● **PROBLEM DETAILS**
The number of lines containing "linarith" is the only answer wanted; work it out from the entries below.

(Saved data entries)
━━━

(* Let $A$ be a Banach algebra and let $J$ be a right ideal in $A$ which is dense in $A$ for the norm topology. Then $J$ is quasi-directly finite if and only if $A$ is quasi-directly finite.
   Context: For $a,b$ in a ring $R$ (not necessarily unital), $a\diamond b := a+b-ab$; if $a\diamond b=0$ then $a$ is a left quasi-inverse of $b$ and $b$ a right quasi-inverse of $a$. A ring $R$ is quasi-directly finite if every element having a left quasi-inverse in $R$ also has a right quasi-inverse in $R$ (equivalently, $a\diamond b=0$ implies $b\diamond a=0$ for all $a,b\in R$). Here $J$ is regarded as a ring with the operations inherited from $A$. *)

theory Defs
  imports "HOL-Analysis.Analysis"
begin

definition qop :: "'a::ring \<Rightarrow> 'a \<Rightarrow> 'a" where
  "qop a b = a + b - a * b"

definition quasi_directly_finite_on :: "'a::ring set \<Rightarrow> bool" where
  "quasi_directly_finite_on S \<longleftrightarrow>
     (\<forall>a\<in>S. (\<exists>b\<in>S. qop b a = 0) \<longrightarrow> (\<exists>c\<in>S. qop a c = 0))"

definition right_ideal :: "'a::ring set \<Rightarrow> bool" where
  "right_ideal J \<longleftrightarrow> 0 \<in> J \<and> (\<forall>x\<in>J. \<forall>y\<in>J. x + y \<in> J) \<and> (\<forall>x\<in>J. - x \<in> J)
     \<and> (\<forall>x\<in>J. \<forall>a. x * a \<in> J)"

end

theory Submission
  imports Defs
begin

text \<open>
  Right quasi-inverses of elements of a right ideal stay in the ideal, which gives one direction.
  Conversely, let \<open>b \<diamond> a = 0\<close> in \<open>A\<close> and approximate \<open>b\<close> by \<open>y \<in> J\<close>.
  Then \<open>y \<diamond> a\<close> is small, hence quasi-invertible by a Neumann series, and composing gives
  \<open>x \<in> J\<close> with \<open>y \<diamond> x = 0\<close>.
  Quasi-direct finiteness of \<open>J\<close> yields \<open>x \<diamond> y = 0\<close>, so \<open>b = y \<diamond> z\<close> for a small \<open>z\<close>.
  As \<open>z\<close> is quasi-invertible too, \<open>b\<close> acquires a left quasi-inverse, which must equal its
  right quasi-inverse \<open>a\<close>.
\<close>

lemma qop_assoc: "qop (qop a b) c = qop a (qop b c)"
  by (simp add: qop_def algebra_simps)

lemma qop_0_right [simp]: "qop a 0 = a"
  and qop_0_left [simp]: "qop 0 a = a"
  by (simp_all add: qop_def)

lemma left_quasi_inverse_eq_right:
  assumes "qop l a = 0" and "qop a r = 0"
  shows "l = r"
proof -
  have "l = qop l (qop a r)" using assms(2) by simp
  also have "\<dots> = r" by (simp add: qop_assoc[symmetric] assms(1))
  finally show ?thesis .
qed

lemma norm_qop_le:
  fixes a b :: "'a::real_normed_algebra"
  shows "norm (qop a b) \<le> norm a + norm b + norm a * norm b"
proof -
  have "norm (qop a b) \<le> norm (a + b) + norm (a * b)"
    unfolding qop_def by (rule norm_triangle_ineq4)
  also have "\<dots> \<le> norm a + norm b + norm a * norm b"
    using norm_triangle_ineq[of a b] norm_mult_ineq[of a b] by linarith
  finally show ?thesis .
qed

lemma right_ideal_right_quasi_inverse_mem:
  assumes J: "right_ideal J" and "y \<in> J" and "qop y x = 0"
  shows "x \<in> J"
proof -
  have "x = y * x + - y" using \<open>qop y x = 0\<close> by (simp add: qop_def algebra_simps)
  with J \<open>y \<in> J\<close> show ?thesis by (metis right_ideal_def)
qed

lemma quasi_directly_finite_on_right_ideal_swap:
  assumes "right_ideal J" and "quasi_directly_finite_on J"
    and "y \<in> J" and "qop y x = 0"
  shows "qop x y = 0"
proof -
  have "x \<in> J" using right_ideal_right_quasi_inverse_mem assms(1,3,4) .
  then obtain c where "qop x c = 0"
    using assms unfolding quasi_directly_finite_on_def by blast
  moreover have "y = c" using left_quasi_inverse_eq_right assms(4) \<open>qop x c = 0\<close> .
  ultimately show ?thesis by simp
qed

lemma quasi_directly_finite_on_right_ideal:
  assumes "right_ideal J" and "quasi_directly_finite_on (UNIV :: 'a::ring set)"
  shows "quasi_directly_finite_on (J :: 'a set)"
  using assms right_ideal_right_quasi_inverse_mem
  unfolding quasi_directly_finite_on_def by blast


text \<open>\<open>succ_power w n\<close> is \<open>w ^ (n + 1)\<close>; the algebra need not have a unit.\<close>
fun succ_power :: "'a::real_normed_algebra \<Rightarrow> nat \<Rightarrow> 'a" where
  "succ_power w 0 = w"
| "succ_power w (Suc n) = w * succ_power w n"

lemma succ_power_commute: "succ_power w n * w = w * succ_power w n"
  by (induction n) (simp_all add: mult.assoc)

lemma norm_succ_power_le: "norm (succ_power w n) \<le> norm w ^ Suc n"
proof (induction n)
  case (Suc n)
  have "norm (succ_power w (Suc n)) \<le> norm w * norm (succ_power w n)"
    by (simp add: norm_mult_ineq)
  also have "\<dots> \<le> norm w * norm w ^ Suc n" using Suc by (simp add: mult_left_mono)
  finally show ?case by simp
qed simp

text \<open>The quasi-inverse is \<open>-(w + w\<^sup>2 + w\<^sup>3 + \<dots>)\<close>.\<close>
lemma quasi_invertible_if_norm_less_1:
  fixes w :: "'a::{real_normed_algebra, banach}"
  assumes "norm w < 1"
  shows "\<exists>w'. qop w w' = 0 \<and> qop w' w = 0 \<and> norm w' \<le> norm w / (1 - norm w)"
proof -
  have geom: "(\<lambda>n. norm w ^ Suc n) sums (norm w / (1 - norm w))"
    using sums_mult[OF geometric_sums[of "norm w"], of "norm w"] assms by simp
  have norm_summable: "summable (\<lambda>n. norm (succ_power w n))"
    using summable_norm_comparison_test[OF _ sums_summable[OF geom]] norm_succ_power_le by blast
  define s where "s = suminf (succ_power w)"
  have s: "succ_power w sums s"
    unfolding s_def using summable_norm_cancel[OF norm_summable] by (simp add: summable_sums)
  have shift: "(\<lambda>n. succ_power w (Suc n)) sums (s - w)"
    using s sums_Suc_iff by (metis diff_add_cancel succ_power.simps(1))
  have "(\<lambda>n. succ_power w (Suc n)) sums (w * s)"
    using sums_mult[OF s, of w] by simp
  with shift have ws: "w * s = s - w" using sums_unique2 by metis
  have "(\<lambda>n. succ_power w (Suc n)) sums (s * w)"
    using sums_mult2[OF s, of w] by (simp add: succ_power_commute)
  with shift have sw: "s * w = s - w" using sums_unique2 by metis
  have "norm s \<le> (\<Sum>n. norm (succ_power w n))"
    unfolding s_def using norm_summable by (rule summable_norm)
  also have "\<dots> \<le> norm w / (1 - norm w)"
    using sums_le[OF norm_succ_power_le summable_sums[OF norm_summable] geom] .
  finally show ?thesis
    by (intro exI[of _ "- s"]) (simp add: qop_def ws sw)
qed

lemma quasi_invertible_if_norm_le_half:
  fixes w :: "'a::{real_normed_algebra, banach}"
  assumes "norm w \<le> 1/2"
  shows "\<exists>w'. qop w w' = 0 \<and> qop w' w = 0 \<and> norm w' \<le> 1"
proof -
  obtain w' where "qop w w' = 0" "qop w' w = 0" and bound: "norm w' \<le> norm w / (1 - norm w)"
    using quasi_invertible_if_norm_less_1[of w] assms by auto
  moreover have "norm w / (1 - norm w) \<le> 1"
    using assms by (simp add: divide_le_eq)
  ultimately show ?thesis by fastforce
qed


text \<open>The point is that the bound on \<open>z\<close> is uniform in the choice of \<open>y\<close>, because
  \<open>x\<close> stays bounded by \<open>2 \<parallel>a\<parallel> + 1\<close> while \<open>b - y\<close> can be made arbitrarily small.\<close>
lemma dense_right_ideal_factorization:
  fixes J :: "'a::{real_normed_algebra, banach} set"
  assumes J: "right_ideal J" and dense: "closure J = UNIV" and ba: "qop b a = 0"
  shows "\<exists>y\<in>J. \<exists>x z. qop y x = 0 \<and> b = qop y z \<and> norm z \<le> 1/2"
proof -
  define \<epsilon> where "\<epsilon> = 1 / (4 * (1 + norm a))"
  have "\<epsilon> > 0" unfolding \<epsilon>_def by (simp add: add_pos_nonneg)
  then obtain y where "y \<in> J" and "dist y b < \<epsilon>"
    using dense closure_approachable[of b J] by auto
  define d where "d = b - y"
  have nd: "norm d \<le> \<epsilon>"
    using \<open>dist y b < \<epsilon>\<close> by (simp add: d_def dist_norm norm_minus_commute)
  have "qop y a = - (d - d * a)"
    using ba unfolding d_def qop_def by (simp add: algebra_simps)
  then have "norm (qop y a) = norm (d - d * a)" by (simp add: norm_minus_commute)
  also have "\<dots> \<le> norm d * (1 + norm a)"
    using norm_triangle_ineq4[of d "d * a"] norm_mult_ineq[of d a] by (simp add: algebra_simps)
  also have "\<dots> \<le> \<epsilon> * (1 + norm a)" using nd by (simp add: mult_right_mono)
  also have "\<dots> \<le> 1/2" unfolding \<epsilon>_def by (simp add: add_pos_nonneg)
  finally obtain w' where w': "qop (qop y a) w' = 0" and "norm w' \<le> 1"
    using quasi_invertible_if_norm_le_half by blast
  define x where "x = qop a w'"
  have yx: "qop y x = 0" using w' by (simp add: x_def qop_assoc)
  have nx: "norm x \<le> 2 * norm a + 1"
    using norm_qop_le[of a w'] \<open>norm w' \<le> 1\<close> mult_left_mono[OF \<open>norm w' \<le> 1\<close>, of "norm a"]
    by (simp add: x_def)
  define z where "z = d - x * d"
  have "b = qop y z"
  proof -
    have "y * x = y + x" using yx by (simp add: qop_def algebra_simps)
    then have "y * (x * d) = x * d + y * d" by (simp add: mult.assoc[symmetric] distrib_right)
    then show ?thesis by (simp add: z_def d_def qop_def algebra_simps)
  qed
  moreover have "norm z \<le> 1/2"
  proof -
    have "norm z \<le> norm d * (1 + norm x)"
      using norm_triangle_ineq4[of d "x * d"] norm_mult_ineq[of x d] by (simp add: z_def algebra_simps)
    also have "\<dots> \<le> \<epsilon> * (2 * (1 + norm a))"
      using nd nx \<open>\<epsilon> > 0\<close> by (intro mult_mono) auto
    also have "\<dots> = 1/2"
    proof -
      have "1 + norm a \<noteq> 0" using norm_ge_zero[of a] by linarith
      then show ?thesis unfolding \<epsilon>_def by simp
    qed
    finally show ?thesis .
  qed
  ultimately show ?thesis using \<open>y \<in> J\<close> yx by blast
qed

lemma quasi_directly_finite_on_UNIV_if_dense_right_ideal:
  fixes J :: "'a::{real_normed_algebra, banach} set"
  assumes J: "right_ideal J" and dense: "closure J = UNIV" and qdf: "quasi_directly_finite_on J"
  shows "quasi_directly_finite_on (UNIV :: 'a set)"
  unfolding quasi_directly_finite_on_def
proof (intro ballI impI)
  fix a :: 'a
  assume "\<exists>b\<in>UNIV. qop b a = 0"
  then obtain b where ba: "qop b a = 0" by blast
  obtain y x z where "y \<in> J" "qop y x = 0" and b: "b = qop y z" and "norm z \<le> 1/2"
    using dense_right_ideal_factorization[OF J dense ba] by blast
  have xy: "qop x y = 0" using quasi_directly_finite_on_right_ideal_swap J qdf \<open>y \<in> J\<close> \<open>qop y x = 0\<close> .
  obtain z' where "qop z' z = 0" using quasi_invertible_if_norm_le_half \<open>norm z \<le> 1/2\<close> by blast
  then have "qop (qop z' x) b = 0"
    by (simp add: b qop_assoc qop_assoc[symmetric, of x y z] xy)
  then have "qop z' x = a" using left_quasi_inverse_eq_right[OF _ ba] by blast
  then have "qop a b = 0" using \<open>qop (qop z' x) b = 0\<close> by simp
  then show "\<exists>c\<in>UNIV. qop a c = 0" by blast
qed

theorem proposition2p8:
  fixes J :: "'a::{real_normed_algebra, banach} set"
  assumes "right_ideal J"
    and "closure J = UNIV"
  shows "quasi_directly_finite_on J \<longleftrightarrow> quasi_directly_finite_on (UNIV :: 'a set)"
  using quasi_directly_finite_on_right_ideal quasi_directly_finite_on_UNIV_if_dense_right_ideal assms
  by blast

end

━━━

● **SOLUTION FOR THIS PROBLEM**
2